Only the lines from the top of the following listing through the line with "using a(2) assms(3,4)" belong in your answer, exactly as written.
*** Begin section ***
lemma convolution_eq_sum:
  fixes f k :: "'g::group_add \<times> 'x \<Rightarrow> 'k::field"
  assumes "finite F" "\<And>a x. f (a, x) \<noteq> 0 \<Longrightarrow> a \<in> F"
    and "\<And>a x. f (a, x) \<noteq> 0 \<Longrightarrow> x \<in> Xd a" "\<And>b y. k (b, y) \<noteq> 0 \<Longrightarrow> y \<in> Xd b"
  shows "convolution \<phi> Xd f k (h, x) = (\<Sum>a\<in>F. f (a, x) * k (- a + h, \<phi> (- a) x))"
proof -
  define P where "P = {(\<alpha>, \<beta>). \<alpha> \<in> groupoid Xd UNIV \<and> \<beta> \<in> groupoid Xd UNIV \<and>
      grp_dom \<phi> \<alpha> = grp_range \<beta> \<and> grp_mult \<alpha> \<beta> = (h, x) \<and> f \<alpha> \<noteq> 0 \<and> k \<beta> \<noteq> 0}"
  define F' where "F' = {a\<in>F. f (a, x) * k (- a + h, \<phi> (- a) x) \<noteq> 0}"
  define m where "m a = ((a, x), (- a + h, \<phi> (- a) x))" for a
  \<comment> \<open>A composable pair with product \<open>(h, x)\<close> is determined by the degree \<open>a\<close> of its first entry.\<close>
  have P: "P = m ` F'"
  proof
    show "P \<subseteq> m ` F'"
    proof
      fix p assume "p \<in> P"
      then obtain a b y where p: "p = ((a, x), (b, y))" "\<phi> (- a) x = y" "a + b = h"
          "f (a, x) \<noteq> 0" "k (b, y) \<noteq> 0"
        unfolding P_def groupoid_def grp_dom_def grp_range_def grp_mult_def by auto
      moreover from p(3) have "b = - a + h" by (auto simp: add.assoc[symmetric])
      ultimately show "p \<in> m ` F'" using assms(2) unfolding F'_def m_def by auto
    qed
    show "m ` F' \<subseteq> P"
    proof
      fix p assume "p \<in> m ` F'"
      then obtain a where a: "a \<in> F'" "p = m a" by blast
      then have "f (a, x) \<noteq> 0" "k (- a + h, \<phi> (- a) x) \<noteq> 0" unfolding F'_def by auto
      moreover have "a + (- a + h) = h" by (simp add: add.assoc[symmetric])
      ultimately show "p \<in> P" using a(2) assms(3,4)
        unfolding P_def m_def groupoid_def grp_dom_def grp_range_def grp_mult_def by auto
    qed
  qed
  have "inj_on m F'" unfolding m_def inj_on_def by auto
  have "convolution \<phi> Xd f k (h, x) = (\<Sum>(\<alpha>, \<beta>)\<in>P. f \<alpha> * k \<beta>)"
    unfolding convolution_def P_def by simp
  also have "\<dots> = (\<Sum>a\<in>F'. f (a, x) * k (- a + h, \<phi> (- a) x))"
    unfolding P by (subst sum.reindex[OF \<open>inj_on m F'\<close>]) (simp add: m_def)
  also have "\<dots> = (\<Sum>a\<in>F. f (a, x) * k (- a + h, \<phi> (- a) x))"
    using assms(1) by (intro sum.mono_neutral_left) (auto simp: F'_def)
  finally show ?thesis .
qed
*** End section ***
## Expected answer
lemma convolution_eq_sum:
  fixes f k :: "'g::group_add \<times> 'x \<Rightarrow> 'k::field"
  assumes "finite F" "\<And>a x. f (a, x) \<noteq> 0 \<Longrightarrow> a \<in> F"
    and "\<And>a x. f (a, x) \<noteq> 0 \<Longrightarrow> x \<in> Xd a" "\<And>b y. k (b, y) \<noteq> 0 \<Longrightarrow> y \<in> Xd b"
  shows "convolution \<phi> Xd f k (h, x) = (\<Sum>a\<in>F. f (a, x) * k (- a + h, \<phi> (- a) x))"
proof -
  define P where "P = {(\<alpha>, \<beta>). \<alpha> \<in> groupoid Xd UNIV \<and> \<beta> \<in> groupoid Xd UNIV \<and>
      grp_dom \<phi> \<alpha> = grp_range \<beta> \<and> grp_mult \<alpha> \<beta> = (h, x) \<and> f \<alpha> \<noteq> 0 \<and> k \<beta> \<noteq> 0}"
  define F' where "F' = {a\<in>F. f (a, x) * k (- a + h, \<phi> (- a) x) \<noteq> 0}"
  define m where "m a = ((a, x), (- a + h, \<phi> (- a) x))" for a
  \<comment> \<open>A composable pair with product \<open>(h, x)\<close> is determined by the degree \<open>a\<close> of its first entry.\<close>
  have P: "P = m ` F'"
  proof
    show "P \<subseteq> m ` F'"
    proof
      fix p assume "p \<in> P"
      then obtain a b y where p: "p = ((a, x), (b, y))" "\<phi> (- a) x = y" "a + b = h"
          "f (a, x) \<noteq> 0" "k (b, y) \<noteq> 0"
        unfolding P_def groupoid_def grp_dom_def grp_range_def grp_mult_def by auto
      moreover from p(3) have "b = - a + h" by (auto simp: add.assoc[symmetric])
      ultimately show "p \<in> m ` F'" using assms(2) unfolding F'_def m_def by auto
    qed
    show "m ` F' \<subseteq> P"
    proof
      fix p assume "p \<in> m ` F'"
      then obtain a where a: "a \<in> F'" "p = m a" by blast
      then have "f (a, x) \<noteq> 0" "k (- a + h, \<phi> (- a) x) \<noteq> 0" unfolding F'_def by auto
      moreover have "a + (- a + h) = h" by (simp add: add.assoc[symmetric])
      ultimately show "p \<in> P" using a(2) assms(3,4)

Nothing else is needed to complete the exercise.